(* Let $\varphi_1,\dots,\varphi_k\in\mathrm{Cvx}(\mathbb{R}^n)$ satisfy $\varphi_i(x)\ge 0$ for all $1\le i\le k$ and $x\in\mathbb{R}^n$, and let $\lambda_1,\dots,\lambda_k>0$. Define \[ g_1(x)=\inf\Big\{\sum_{i=1}^k\lambda_i\varphi_i(y_i):\ \sum_{i=1}^k\lambda_iy_i=x\Big\},\qquad g_2(x)=\inf\Big\{\max_{1\le i\le k}\varphi_i(y_i):\ \sum_{i=1}^k\lambda_iy_i=x\Big\}, \] i.e. $g_1=\lambda_1\cdot\varphi_1\,\square\,\cdots\,\square\,\lambda_k\cdot\varphi_k$ and $g_2=\lambda_1\odot\varphi_1\oplus\cdots\oplus\lambda_k\odot\varphi_k$. Then for every $x\in\mathbb{R}^n$, \[ \Big(\sum_{i}\lambda_i\Big)^{-1}g_1(x)\le g_2(x)\le\big(\min_i\lambda_i\big)^{-1}g_1(x). \]
   Context: $\mathrm{Cvx}(\mathbb{R}^n)$ is the class of convex lower semicontinuous functions $\varphi:\mathbb{R}^n\to(-\infty,\infty]$. The inf-convolution is $(\varphi\,\square\,\psi)(x)=\inf_y[\varphi(y)+\psi(x-y)]$ with homothety $(\lambda\cdot\varphi)(x)=\lambda\varphi(x/\lambda)$; the operation $\oplus$ is $(\varphi\oplus\psi)(x)=\inf_y\max\{\varphi(y),\psi(x-y)\}$ with homothety $(\lambda\odot\varphi)(x)=\varphi(x/\lambda)$. *)

theory Defs
  imports "HOL-Analysis.Analysis"
begin

text \<open>Cvx(R^n): convex lower semicontinuous functions with values in (-inf, inf],
  expressed via the epigraph: convex and closed epigraph, never -inf.\<close>
definition cvx :: "('a::euclidean_space \<Rightarrow> ereal) \<Rightarrow> bool" where
  "cvx \<phi> \<longleftrightarrow> (\<forall>x. \<phi> x \<noteq> -\<infinity>)
     \<and> convex {(x, t::real). \<phi> x \<le> ereal t}
     \<and> closed {(x, t::real). \<phi> x \<le> ereal t}"

definition g1 :: "nat \<Rightarrow> (nat \<Rightarrow> real) \<Rightarrow> (nat \<Rightarrow> 'a::euclidean_space \<Rightarrow> ereal) \<Rightarrow> 'a \<Rightarrow> ereal" where
  "g1 k lam \<phi> x = Inf {(\<Sum>i<k. ereal (lam i) * \<phi> i (y i)) | y. (\<Sum>i<k. lam i *\<^sub>R y i) = x}"

definition g2 :: "nat \<Rightarrow> (nat \<Rightarrow> real) \<Rightarrow> (nat \<Rightarrow> 'a::euclidean_space \<Rightarrow> ereal) \<Rightarrow> 'a \<Rightarrow> ereal" where
  "g2 k lam \<phi> x = Inf {Max ((\<lambda>i. \<phi> i (y i)) ` {..<k}) | y. (\<Sum>i<k. lam i *\<^sub>R y i) = x}"

end

theory Submission
  imports Defs
begin

text \<open>Both infima range over the same decompositions \<open>x = (\<Sum>i<k. \<lambda>\<^sub>i y\<^sub>i)\<close>. For each fixed
  decomposition, with \<open>M = max\<^sub>i \<phi>\<^sub>i(y\<^sub>i)\<close> and nonnegative values, the weighted sum
  \<open>(\<Sum>i. \<lambda>\<^sub>i \<phi>\<^sub>i(y\<^sub>i))\<close> lies between \<open>(min\<^sub>i \<lambda>\<^sub>i) M\<close> (keep only the term attaining \<open>M\<close>) and
  \<open>(\<Sum>i. \<lambda>\<^sub>i) M\<close>. Passing to the infimum over all decompositions preserves these bounds,
  since multiplication by a positive constant commutes with infima.\<close>

lemma ereal_le_inverse_mult_iff:
  fixes a b :: ereal
  assumes "c > 0"
  shows "a \<le> ereal (1 / c) * b \<longleftrightarrow> ereal c * a \<le> b"
  using assms by (cases a b rule: ereal2_cases) (auto simp: field_simps)

lemma ereal_inverse_mult_le_iff:
  fixes a b :: ereal
  assumes "c > 0"
  shows "ereal (1 / c) * a \<le> b \<longleftrightarrow> a \<le> ereal c * b"
  using ereal_le_inverse_mult_iff[of "1 / c" a b] assms by simp

lemma Inf_le_scaled_Inf:
  fixes f g :: "'b \<Rightarrow> ereal"
  assumes "c > 0" and "\<And>y. P y \<Longrightarrow> f y \<le> ereal c * g y"
  shows "Inf {f y | y. P y} \<le> ereal c * Inf {g y | y. P y}"
proof -
  have "ereal (1 / c) * Inf {f y | y. P y} \<le> Inf {g y | y. P y}"
  proof (rule Inf_greatest)
    fix b assume "b \<in> {g y | y. P y}"
    then obtain y where "P y" and b: "b = g y" by blast
    have "ereal (1 / c) * Inf {f y | y. P y} \<le> ereal (1 / c) * f y"
      using \<open>P y\<close> \<open>c > 0\<close> by (intro ereal_mult_left_mono Inf_lower) auto
    also have "\<dots> \<le> g y"
      using assms \<open>P y\<close> by (simp add: ereal_inverse_mult_le_iff)
    finally show "ereal (1 / c) * Inf {f y | y. P y} \<le> b" by (simp add: b)
  qed
  then show ?thesis using \<open>c > 0\<close> by (simp add: ereal_inverse_mult_le_iff)
qed

lemma weighted_sum_le_sum_weights_times_Max:
  fixes lam :: "'i \<Rightarrow> real" and f :: "'i \<Rightarrow> ereal"
  assumes "finite A" and "\<And>i. i \<in> A \<Longrightarrow> lam i \<ge> 0"
  shows "(\<Sum>i\<in>A. ereal (lam i) * f i) \<le> ereal (\<Sum>i\<in>A. lam i) * Max (f ` A)"
proof -
  have "(\<Sum>i\<in>A. ereal (lam i) * f i) \<le> (\<Sum>i\<in>A. ereal (lam i) * Max (f ` A))"
    using assms by (intro sum_mono ereal_mult_left_mono) auto
  also have "\<dots> = ereal (\<Sum>i\<in>A. lam i) * Max (f ` A)"
    using assms by (simp add: sum_ereal_left_distrib[symmetric])
  finally show ?thesis .
qed

lemma Min_weight_times_Max_le_weighted_sum:
  fixes lam :: "'i \<Rightarrow> real" and f :: "'i \<Rightarrow> ereal"
  assumes "finite A" "A \<noteq> {}"
    and "\<And>i. i \<in> A \<Longrightarrow> lam i \<ge> 0" and "\<And>i. i \<in> A \<Longrightarrow> f i \<ge> 0"
  shows "ereal (Min (lam ` A)) * Max (f ` A) \<le> (\<Sum>i\<in>A. ereal (lam i) * f i)"
proof -
  obtain j where "j \<in> A" and j: "Max (f ` A) = f j"
    using Max_in[of "f ` A"] assms(1,2) by blast
  have "ereal (Min (lam ` A)) * f j \<le> ereal (lam j) * f j"
    using \<open>j \<in> A\<close> assms by (intro ereal_mult_right_mono) auto
  also have "\<dots> = (\<Sum>i\<in>{j}. ereal (lam i) * f i)" by simp
  also have "\<dots> \<le> (\<Sum>i\<in>A. ereal (lam i) * f i)"
    using \<open>j \<in> A\<close> assms by (intro sum_mono2) auto
  finally show ?thesis by (simp add: j)
qed

theorem proposition2p8:
  fixes k :: nat and lam :: "nat \<Rightarrow> real" and \<phi> :: "nat \<Rightarrow> 'a::euclidean_space \<Rightarrow> ereal"
  assumes "k \<ge> 1"
    and "\<And>i. i < k \<Longrightarrow> cvx (\<phi> i)"
    and "\<And>i x. i < k \<Longrightarrow> \<phi> i x \<ge> 0"
    and "\<And>i. i < k \<Longrightarrow> lam i > 0"
  shows "ereal (1 / (\<Sum>i<k. lam i)) * g1 k lam \<phi> x \<le> g2 k lam \<phi> x
       \<and> g2 k lam \<phi> x \<le> ereal (1 / Min (lam ` {..<k})) * g1 k lam \<phi> x"
proof
  have nonempty: "{..<k} \<noteq> {}" using \<open>k \<ge> 1\<close> by (simp add: lessThan_empty_iff)
  have weights_nonneg: "\<And>i. i \<in> {..<k} \<Longrightarrow> lam i \<ge> 0" using assms(4) by fastforce
  have sum_pos: "(\<Sum>i<k. lam i) > 0" using nonempty assms(4) by (intro sum_pos) auto
  have Min_pos: "Min (lam ` {..<k}) > 0" using nonempty assms(4) by auto
  have "g1 k lam \<phi> x \<le> ereal (\<Sum>i<k. lam i) * g2 k lam \<phi> x"
    unfolding g1_def g2_def using sum_pos weights_nonneg
    by (intro Inf_le_scaled_Inf weighted_sum_le_sum_weights_times_Max) auto
  then show "ereal (1 / (\<Sum>i<k. lam i)) * g1 k lam \<phi> x \<le> g2 k lam \<phi> x"
    using sum_pos by (simp add: ereal_inverse_mult_le_iff)
  show "g2 k lam \<phi> x \<le> ereal (1 / Min (lam ` {..<k})) * g1 k lam \<phi> x"
    unfolding g1_def g2_def using Min_pos weights_nonneg nonempty assms(3)
    by (intro Inf_le_scaled_Inf)
      (auto simp: ereal_le_inverse_mult_iff intro: Min_weight_times_Max_le_weighted_sum)
qed

end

**Task directions:** Report the number of lines in the records above that contain "thesis", with no other text.

**Exercise solution:** 3